DESCRIPTION OF THE TASK =
If a line in the data has the string "fixes", please show it.

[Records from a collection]
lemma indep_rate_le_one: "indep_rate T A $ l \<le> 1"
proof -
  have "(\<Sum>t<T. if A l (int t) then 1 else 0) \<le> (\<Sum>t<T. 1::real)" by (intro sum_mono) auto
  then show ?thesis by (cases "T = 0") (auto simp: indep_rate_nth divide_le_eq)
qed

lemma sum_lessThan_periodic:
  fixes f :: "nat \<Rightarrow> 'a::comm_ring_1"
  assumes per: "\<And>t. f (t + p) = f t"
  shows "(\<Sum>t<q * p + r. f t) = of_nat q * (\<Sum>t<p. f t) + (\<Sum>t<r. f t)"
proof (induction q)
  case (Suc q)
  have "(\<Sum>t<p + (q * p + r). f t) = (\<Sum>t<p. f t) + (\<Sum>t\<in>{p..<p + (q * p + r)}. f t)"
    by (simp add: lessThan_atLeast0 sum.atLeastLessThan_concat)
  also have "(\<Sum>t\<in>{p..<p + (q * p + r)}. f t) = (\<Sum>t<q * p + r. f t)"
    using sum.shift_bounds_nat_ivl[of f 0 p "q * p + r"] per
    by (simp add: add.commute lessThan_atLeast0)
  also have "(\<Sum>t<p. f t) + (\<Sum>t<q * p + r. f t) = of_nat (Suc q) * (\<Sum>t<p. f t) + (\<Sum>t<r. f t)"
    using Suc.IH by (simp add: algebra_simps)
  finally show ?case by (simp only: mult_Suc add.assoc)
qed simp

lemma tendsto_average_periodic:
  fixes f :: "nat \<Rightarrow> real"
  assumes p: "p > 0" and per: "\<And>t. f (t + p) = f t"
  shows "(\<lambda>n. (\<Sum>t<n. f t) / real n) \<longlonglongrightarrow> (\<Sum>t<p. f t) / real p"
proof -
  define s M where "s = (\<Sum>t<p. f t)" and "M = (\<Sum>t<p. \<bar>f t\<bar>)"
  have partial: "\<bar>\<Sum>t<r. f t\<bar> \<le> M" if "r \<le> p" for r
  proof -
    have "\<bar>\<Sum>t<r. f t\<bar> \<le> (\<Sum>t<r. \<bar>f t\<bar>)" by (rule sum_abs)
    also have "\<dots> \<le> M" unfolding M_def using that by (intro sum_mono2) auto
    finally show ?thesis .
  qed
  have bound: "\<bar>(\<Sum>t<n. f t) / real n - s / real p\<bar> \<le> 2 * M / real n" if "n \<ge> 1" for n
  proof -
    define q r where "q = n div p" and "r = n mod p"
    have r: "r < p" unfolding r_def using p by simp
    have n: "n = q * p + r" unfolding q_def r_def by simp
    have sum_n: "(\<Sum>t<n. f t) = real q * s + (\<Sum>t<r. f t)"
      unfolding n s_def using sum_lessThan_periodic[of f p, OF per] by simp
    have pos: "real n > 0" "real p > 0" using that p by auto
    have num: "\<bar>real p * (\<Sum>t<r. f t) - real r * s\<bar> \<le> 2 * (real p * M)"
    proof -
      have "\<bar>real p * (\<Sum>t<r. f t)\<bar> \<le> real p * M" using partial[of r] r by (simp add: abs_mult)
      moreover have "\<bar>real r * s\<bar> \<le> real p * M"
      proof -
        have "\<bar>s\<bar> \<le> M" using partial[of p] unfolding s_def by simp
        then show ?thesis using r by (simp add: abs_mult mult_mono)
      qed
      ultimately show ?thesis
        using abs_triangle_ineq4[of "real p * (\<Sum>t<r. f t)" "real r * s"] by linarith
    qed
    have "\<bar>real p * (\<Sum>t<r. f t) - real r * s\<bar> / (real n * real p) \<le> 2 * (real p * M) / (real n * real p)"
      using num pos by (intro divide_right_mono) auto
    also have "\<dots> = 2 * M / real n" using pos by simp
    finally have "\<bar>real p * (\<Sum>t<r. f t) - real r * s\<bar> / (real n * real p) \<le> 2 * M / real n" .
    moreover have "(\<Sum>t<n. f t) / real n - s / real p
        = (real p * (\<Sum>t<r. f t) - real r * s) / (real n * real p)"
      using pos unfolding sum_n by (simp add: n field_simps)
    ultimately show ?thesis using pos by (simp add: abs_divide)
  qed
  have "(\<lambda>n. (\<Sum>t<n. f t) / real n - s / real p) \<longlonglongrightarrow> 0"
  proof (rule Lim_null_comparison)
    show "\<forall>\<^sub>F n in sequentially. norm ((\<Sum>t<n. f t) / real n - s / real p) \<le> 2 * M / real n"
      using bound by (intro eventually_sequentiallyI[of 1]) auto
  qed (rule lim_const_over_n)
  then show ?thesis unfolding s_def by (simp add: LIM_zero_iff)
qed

...

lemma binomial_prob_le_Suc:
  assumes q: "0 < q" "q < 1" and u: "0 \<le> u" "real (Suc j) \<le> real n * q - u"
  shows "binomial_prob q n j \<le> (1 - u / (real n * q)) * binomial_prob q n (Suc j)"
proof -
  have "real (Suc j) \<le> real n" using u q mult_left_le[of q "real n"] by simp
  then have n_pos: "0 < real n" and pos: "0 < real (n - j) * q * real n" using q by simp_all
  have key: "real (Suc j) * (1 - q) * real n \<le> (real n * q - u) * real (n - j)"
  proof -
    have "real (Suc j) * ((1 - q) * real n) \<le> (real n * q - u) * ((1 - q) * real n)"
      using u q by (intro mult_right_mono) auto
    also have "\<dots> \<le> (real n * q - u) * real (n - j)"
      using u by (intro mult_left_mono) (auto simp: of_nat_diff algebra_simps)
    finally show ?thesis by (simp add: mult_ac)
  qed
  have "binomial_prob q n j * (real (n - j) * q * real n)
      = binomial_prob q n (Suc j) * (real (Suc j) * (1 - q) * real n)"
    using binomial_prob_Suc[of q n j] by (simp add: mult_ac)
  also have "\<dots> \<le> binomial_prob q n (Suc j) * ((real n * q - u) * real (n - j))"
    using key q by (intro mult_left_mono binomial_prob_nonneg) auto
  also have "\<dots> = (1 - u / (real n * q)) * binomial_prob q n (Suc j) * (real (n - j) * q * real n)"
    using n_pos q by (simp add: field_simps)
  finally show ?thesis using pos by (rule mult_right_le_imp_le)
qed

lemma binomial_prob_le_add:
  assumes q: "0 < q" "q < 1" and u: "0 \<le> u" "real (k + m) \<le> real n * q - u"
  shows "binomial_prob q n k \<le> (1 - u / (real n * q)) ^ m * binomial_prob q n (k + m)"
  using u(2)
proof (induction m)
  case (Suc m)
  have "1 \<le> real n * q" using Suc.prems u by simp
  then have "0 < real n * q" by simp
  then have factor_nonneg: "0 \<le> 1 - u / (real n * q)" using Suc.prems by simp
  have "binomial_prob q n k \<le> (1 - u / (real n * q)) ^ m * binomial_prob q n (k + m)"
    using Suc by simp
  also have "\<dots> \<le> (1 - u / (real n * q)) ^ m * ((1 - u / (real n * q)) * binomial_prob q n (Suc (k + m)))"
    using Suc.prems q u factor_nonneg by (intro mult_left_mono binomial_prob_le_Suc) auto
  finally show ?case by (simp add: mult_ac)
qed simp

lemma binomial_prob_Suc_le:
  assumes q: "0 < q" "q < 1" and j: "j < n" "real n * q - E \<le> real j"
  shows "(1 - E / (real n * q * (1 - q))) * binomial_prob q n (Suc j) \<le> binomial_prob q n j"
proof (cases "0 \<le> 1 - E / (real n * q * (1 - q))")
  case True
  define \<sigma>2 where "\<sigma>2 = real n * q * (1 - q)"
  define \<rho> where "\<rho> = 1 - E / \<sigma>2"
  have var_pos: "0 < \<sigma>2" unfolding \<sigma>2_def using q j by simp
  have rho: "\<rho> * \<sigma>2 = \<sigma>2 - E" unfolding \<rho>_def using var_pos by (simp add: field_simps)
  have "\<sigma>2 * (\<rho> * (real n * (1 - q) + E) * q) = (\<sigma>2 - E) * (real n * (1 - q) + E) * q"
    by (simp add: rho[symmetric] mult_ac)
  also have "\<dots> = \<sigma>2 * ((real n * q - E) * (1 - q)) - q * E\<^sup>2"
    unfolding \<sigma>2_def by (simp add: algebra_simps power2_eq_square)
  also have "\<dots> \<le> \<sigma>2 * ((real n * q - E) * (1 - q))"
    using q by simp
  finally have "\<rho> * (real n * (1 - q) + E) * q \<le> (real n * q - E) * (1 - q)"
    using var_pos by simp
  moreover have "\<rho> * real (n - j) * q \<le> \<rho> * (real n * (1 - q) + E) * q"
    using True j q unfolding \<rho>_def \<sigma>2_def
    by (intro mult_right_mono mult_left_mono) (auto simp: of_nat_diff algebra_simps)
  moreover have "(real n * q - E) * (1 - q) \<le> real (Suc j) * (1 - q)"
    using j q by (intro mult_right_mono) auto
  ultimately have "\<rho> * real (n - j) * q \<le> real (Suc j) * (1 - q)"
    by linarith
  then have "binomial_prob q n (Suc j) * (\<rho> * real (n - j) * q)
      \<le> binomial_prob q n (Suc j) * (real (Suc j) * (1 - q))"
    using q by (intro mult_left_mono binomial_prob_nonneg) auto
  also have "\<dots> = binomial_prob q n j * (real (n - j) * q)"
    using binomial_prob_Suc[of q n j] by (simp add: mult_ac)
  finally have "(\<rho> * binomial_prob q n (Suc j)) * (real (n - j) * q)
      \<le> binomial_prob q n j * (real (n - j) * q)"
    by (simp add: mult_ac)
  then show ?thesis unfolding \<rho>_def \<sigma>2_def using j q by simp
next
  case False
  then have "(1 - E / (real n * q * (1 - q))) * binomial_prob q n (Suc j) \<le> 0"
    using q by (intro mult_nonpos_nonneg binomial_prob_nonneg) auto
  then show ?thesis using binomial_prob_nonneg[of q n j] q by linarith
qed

RESULT OF THIS TASK =
  fixes f :: "nat \<Rightarrow> 'a::comm_ring_1"
  fixes f :: "nat \<Rightarrow> real"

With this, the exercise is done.